ConocoPhillips Unloads Barnett Shale Assets

US major ConocoPhillips announced August 2 it has reached an agreement to sell its Barnett shale assets in Texas to Lime Rock Resources for an estimated $230mn, plus customary net adjustments.

Production from the assets averaged some 9,000 barrels of oil equivalent/day (boe/day) in the first half this year, of which about 55%, or some 28mn ft3/day was natural gas and the remainder natural gas liquids.

The assets are located primarily in Montague, Wise, Denton and Cooke counties, Texas, and represent Lime Rock’s first acquisition in the Fort Worth Basin. The Barnett shale is considered the ‘grand-daddy’ of US shale plays and is where, in the 1990s, Mitchell Energy & Development successfully implemented the horizontal multi-stage fracking technology required to unlock shale production.

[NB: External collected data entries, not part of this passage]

(* Let the MT pdf at time $t-1$ be a mixture over $n$-target hypotheses $q^{(n)}$, $$p_{t-1}(X,n)=\sum_{q^{(n)}}\omega^{q^{(n)}}_{t-1}\sum_\nu\prod_{i=1}^n p^{q^{(n)},i}_{t-1}(x_{\nu_i}),$$ and suppose no birth or death. Then (i) the predicted MT pdf $p_t^-(X,n)=\frac1{n!}\int p(X,n\mid X',n)p_{t-1}(X',n)dX'$ is $$p_t^-(X,n)=\sum_{q^{(n)}}\omega^{q^{(n)}}_{t-1}\sum_\nu\prod_{i}p_t^{q^{(n)},i-}(x_{\nu_i}),\qquad p_t^{q^{(n)},i-}(x)=\int p(x\mid x')p^{q^{(n)},i}_{t-1}(x')dx';$$ and (ii) given measurements $Z_t=\{z^t_1,\dots,z^t_m\}$, the Bayes-updated MT pdf $p_t(X,n\mid Z_t)=\frac{p(Z_t\mid X,n)p_t^-(X,n)}{\sum_q\frac1{q!}\int p(Z_t\mid X',q)p_t^-(X',q)dX'}$ equals $$p_t(X,n\mid Z_t)=\sum_{q^{(n)}}\sum_{\sigma^{(n)}}\omega_t^{q^{(n)}\sigma^{(n)}}\sum_\nu\prod_i p_t^{q^{(n)}\sigma^{(n)},i}\big(x_{\nu_i}\mid z^t_{\sigma^{(n)}_i}\big),$$ where $$p_t^{q^{(n)}\sigma^{(n)},i}(x\mid z)=\frac{p(z\mid x)\,p_t^{q^{(n)},i-}(x)}{\int p(z\mid x')\,p_t^{q^{(n)},i-}(x')dx'},$$ $$\omega_t^{q^{(n)}\sigma^{(n)}}=\frac{\omega^{q^{(n)}}_{t-1}\,p(\sigma^{(n)}\mid n)\,l_{q^{(n)}\sigma^{(n)}}}{\sum_q\sum_{r^{(q)}}\sum_{\nu^{(q)}}\omega^{r^{(q)}}_{t-1}\,p(\nu^{(q)}\mid q)\,l_{r^{(q)}\nu^{(q)}}},\qquad l_{q^{(n)}\sigma^{(n)}}=\frac{k!}{V^k}\prod_i\int p(z^t_{\sigma^{(n)}_i}\mid x)\,p_t^{q^{(n)},i-}(x)dx,$$ $k$ being the number of measurements assigned to clutter by $\sigma^{(n)}$, and the denominator summing over all cardinalities $q$, all prior $q$-target hypotheses $r^{(q)}$ and all $q$-target data associations $\nu^{(q)}$.
   Context: A multi-target (MT) pdf is a function $p(X,n)$ of a cardinality $n$ and an unordered collection $X=\{x_1,\dots,x_n\}$ of points in $\mathbb{R}^d$; $\sum_\nu$ is the sum over all permutations $\nu$ of $\{1,\dots,n\}$; the integral over $n$-element collections is $\frac{1}{n!}\int\cdot\,dx_1\cdots dx_n$. Single-target transition density $p(x\mid x')$; without birth or death the MT transition density is $p(X,n\mid X',n)=\sum_\nu\prod_{i=1}^n p(x_{\nu_i}\mid x'_i)$. Single-target likelihood $p(z\mid x)$. Given measurements $Z=\{z_1,\dots,z_m\}$, a data association hypothesis for $n$ targets is $\sigma^{(n)}=(\sigma^{(n)}_1,\dots,\sigma^{(n)}_n)$ with $\sigma^{(n)}_i\in\{z_1,\dots,z_m,\phi\}$, each measurement assigned to at most one target ($\phi$ = missed detection); the $k$ measurements not assigned to any target are clutter. Convention: $p(\phi\mid x)=1$ (so updating with $\phi$ leaves a pdf unchanged). The MT likelihood is $p(Z\mid X,n)=\sum_{\sigma^{(n)}}p(Z\mid\sigma^{(n)},X,n)\,p(\sigma^{(n)}\mid n)$ with $p(\sigma^{(n)}\mid n)=p_D^{m-k}(1-p_D)^{n-(m-k)}e^{-\lambda V}\frac{(\lambda V)^k}{k!}$ (detection probability $p_D$, Poisson clutter of rate $\lambda$ uniform on sensor volume $V$) and $p(Z\mid\sigma^{(n)},X,n)=\frac{k!}{V^k}\prod_{i=1}^n p(z_{\sigma^{(n)}_i}\mid x_i)$. *)

theory Defs
  imports "HOL-Probability.Probability"
begin

text \<open>An n-target state X = {x_1,...,x_n} is represented by an (ordered) tuple
  X :: nat => 'a, of which only the entries X 0, ..., X (n-1) are relevant;
  all MT quantities below are symmetric in these entries.\<close>

definition perms :: "nat \<Rightarrow> (nat \<Rightarrow> nat) set" where
  "perms n = {\<nu>. \<nu> permutes {..<n}}"

definition mt_integral :: "nat \<Rightarrow> ((nat \<Rightarrow> 'a::euclidean_space) \<Rightarrow> real) \<Rightarrow> real" where
  "mt_integral n F = (\<integral>X. F X \<partial>(PiM {..<n} (\<lambda>_. lborel))) / fact n"

definition mt_mix :: "(nat \<Rightarrow> 'h set) \<Rightarrow> (nat \<Rightarrow> 'h \<Rightarrow> real)
      \<Rightarrow> (nat \<Rightarrow> 'h \<Rightarrow> nat \<Rightarrow> 'a \<Rightarrow> real) \<Rightarrow> nat \<Rightarrow> (nat \<Rightarrow> 'a) \<Rightarrow> real" where
  "mt_mix H w p n X = (\<Sum>q\<in>H n. w n q * (\<Sum>\<nu>\<in>perms n. \<Prod>i<n. p n q i (X (\<nu> i))))"

text \<open>MT transition density without birth/death: p(X,n|X',n) = sum_nu prod_i p(x_{nu_i}|x'_i).
  Single-target transition density: tr x x' = p(x|x').\<close>
definition mt_trans :: "('a \<Rightarrow> 'a \<Rightarrow> real) \<Rightarrow> nat \<Rightarrow> (nat \<Rightarrow> 'a) \<Rightarrow> (nat \<Rightarrow> 'a) \<Rightarrow> real" where
  "mt_trans tr n X X' = (\<Sum>\<nu>\<in>perms n. \<Prod>i<n. tr (X (\<nu> i)) (X' i))"

definition mt_predict :: "('a::euclidean_space \<Rightarrow> 'a \<Rightarrow> real) \<Rightarrow> (nat \<Rightarrow> (nat \<Rightarrow> 'a) \<Rightarrow> real)
      \<Rightarrow> nat \<Rightarrow> (nat \<Rightarrow> 'a) \<Rightarrow> real" where
  "mt_predict tr p n X = mt_integral n (\<lambda>X'. mt_trans tr n X X' * p n X')"

definition st_predict :: "('a::euclidean_space \<Rightarrow> 'a \<Rightarrow> real) \<Rightarrow> ('a \<Rightarrow> real) \<Rightarrow> 'a \<Rightarrow> real" where
  "st_predict tr p x = (\<integral>x'. tr x x' * p x' \<partial>lborel)"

“The acquisition provides the Lime Rock Resources fund with an entry into the liquids rich Barnett portion of the Fort Worth, which is a basin that we have been attracted to for several years,” Lime Rock co-CEO Eric Mullins said. “The acquisition comes with about 114,000 net acres and has relatively low associated water production rates.” 

The transaction is expected to close by year-end, subject to customary closing conditions.